Try it:
Scan the material below for the string "represented". Report every line that has it.

Source records:
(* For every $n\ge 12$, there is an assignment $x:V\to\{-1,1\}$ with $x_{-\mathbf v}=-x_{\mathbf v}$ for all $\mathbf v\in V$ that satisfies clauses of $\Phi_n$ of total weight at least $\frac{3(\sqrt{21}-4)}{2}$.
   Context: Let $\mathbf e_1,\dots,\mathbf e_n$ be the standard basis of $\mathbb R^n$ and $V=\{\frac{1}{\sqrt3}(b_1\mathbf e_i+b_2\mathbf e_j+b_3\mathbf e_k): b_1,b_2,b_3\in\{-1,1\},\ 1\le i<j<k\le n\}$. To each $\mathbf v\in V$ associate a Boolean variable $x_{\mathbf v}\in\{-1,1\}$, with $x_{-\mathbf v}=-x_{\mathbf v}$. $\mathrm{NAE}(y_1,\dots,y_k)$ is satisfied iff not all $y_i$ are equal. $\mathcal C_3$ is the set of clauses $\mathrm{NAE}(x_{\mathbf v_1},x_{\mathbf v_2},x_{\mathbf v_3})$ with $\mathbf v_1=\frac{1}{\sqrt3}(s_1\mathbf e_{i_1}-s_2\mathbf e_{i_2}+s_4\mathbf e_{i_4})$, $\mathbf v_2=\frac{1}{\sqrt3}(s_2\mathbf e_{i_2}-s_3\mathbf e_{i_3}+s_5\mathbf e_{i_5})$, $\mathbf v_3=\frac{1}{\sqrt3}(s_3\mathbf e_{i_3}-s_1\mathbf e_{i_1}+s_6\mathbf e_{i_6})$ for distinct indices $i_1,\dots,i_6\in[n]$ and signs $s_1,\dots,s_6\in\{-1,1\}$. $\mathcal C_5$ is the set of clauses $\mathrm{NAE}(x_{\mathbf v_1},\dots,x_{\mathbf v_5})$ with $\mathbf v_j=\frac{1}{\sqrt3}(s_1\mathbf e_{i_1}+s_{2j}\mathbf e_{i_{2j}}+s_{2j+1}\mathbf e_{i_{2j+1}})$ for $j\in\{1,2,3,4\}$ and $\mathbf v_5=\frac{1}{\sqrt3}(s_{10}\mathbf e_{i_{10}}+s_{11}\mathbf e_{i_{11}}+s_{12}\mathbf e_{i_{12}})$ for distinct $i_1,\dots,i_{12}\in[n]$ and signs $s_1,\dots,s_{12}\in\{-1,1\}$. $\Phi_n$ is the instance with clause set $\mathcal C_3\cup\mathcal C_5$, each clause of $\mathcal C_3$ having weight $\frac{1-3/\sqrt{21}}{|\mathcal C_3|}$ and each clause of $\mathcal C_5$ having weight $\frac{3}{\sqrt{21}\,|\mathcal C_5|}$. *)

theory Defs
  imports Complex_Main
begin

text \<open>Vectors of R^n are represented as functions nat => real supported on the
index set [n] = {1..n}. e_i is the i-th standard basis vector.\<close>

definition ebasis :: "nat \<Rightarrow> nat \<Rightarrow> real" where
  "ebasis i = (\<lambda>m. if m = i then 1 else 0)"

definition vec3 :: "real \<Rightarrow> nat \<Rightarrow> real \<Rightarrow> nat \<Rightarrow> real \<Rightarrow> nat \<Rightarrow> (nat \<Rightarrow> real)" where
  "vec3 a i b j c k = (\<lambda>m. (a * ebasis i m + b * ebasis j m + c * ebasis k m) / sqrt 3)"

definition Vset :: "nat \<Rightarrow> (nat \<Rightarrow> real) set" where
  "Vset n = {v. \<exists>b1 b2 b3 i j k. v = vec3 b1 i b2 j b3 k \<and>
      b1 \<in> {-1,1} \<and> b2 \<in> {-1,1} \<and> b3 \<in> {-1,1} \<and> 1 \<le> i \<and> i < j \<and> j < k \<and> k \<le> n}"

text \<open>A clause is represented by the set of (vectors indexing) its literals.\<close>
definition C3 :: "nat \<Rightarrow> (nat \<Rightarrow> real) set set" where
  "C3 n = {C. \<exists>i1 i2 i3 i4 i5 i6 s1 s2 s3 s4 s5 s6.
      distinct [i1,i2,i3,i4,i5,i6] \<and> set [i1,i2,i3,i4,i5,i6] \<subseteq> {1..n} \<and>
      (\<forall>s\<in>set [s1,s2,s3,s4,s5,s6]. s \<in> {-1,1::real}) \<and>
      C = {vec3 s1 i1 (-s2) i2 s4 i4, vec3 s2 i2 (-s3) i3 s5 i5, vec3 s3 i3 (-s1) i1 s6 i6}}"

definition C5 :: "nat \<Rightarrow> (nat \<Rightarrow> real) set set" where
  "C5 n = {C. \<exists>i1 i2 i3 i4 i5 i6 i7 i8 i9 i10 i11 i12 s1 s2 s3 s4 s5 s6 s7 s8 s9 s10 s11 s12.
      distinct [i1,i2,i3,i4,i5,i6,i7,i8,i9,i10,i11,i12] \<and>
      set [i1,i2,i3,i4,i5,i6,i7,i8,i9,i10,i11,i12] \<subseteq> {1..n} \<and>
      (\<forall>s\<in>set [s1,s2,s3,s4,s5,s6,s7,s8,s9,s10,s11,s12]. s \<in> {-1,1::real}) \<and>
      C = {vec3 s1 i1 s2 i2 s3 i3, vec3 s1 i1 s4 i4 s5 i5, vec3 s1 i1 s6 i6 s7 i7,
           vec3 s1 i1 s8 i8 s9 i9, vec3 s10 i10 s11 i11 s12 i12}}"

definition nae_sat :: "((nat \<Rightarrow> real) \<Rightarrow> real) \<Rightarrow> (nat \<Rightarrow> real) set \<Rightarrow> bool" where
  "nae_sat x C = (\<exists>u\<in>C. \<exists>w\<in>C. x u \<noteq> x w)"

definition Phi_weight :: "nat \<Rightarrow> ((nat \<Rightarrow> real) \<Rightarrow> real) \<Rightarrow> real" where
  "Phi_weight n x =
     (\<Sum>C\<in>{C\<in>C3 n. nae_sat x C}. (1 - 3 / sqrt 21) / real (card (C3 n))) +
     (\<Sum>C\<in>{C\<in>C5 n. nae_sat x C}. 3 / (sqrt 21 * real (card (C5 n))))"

Expected answer:
text \<open>Vectors of R^n are represented as functions nat => real supported on the
text \<open>A clause is represented by the set of (vectors indexing) its literals.\<close>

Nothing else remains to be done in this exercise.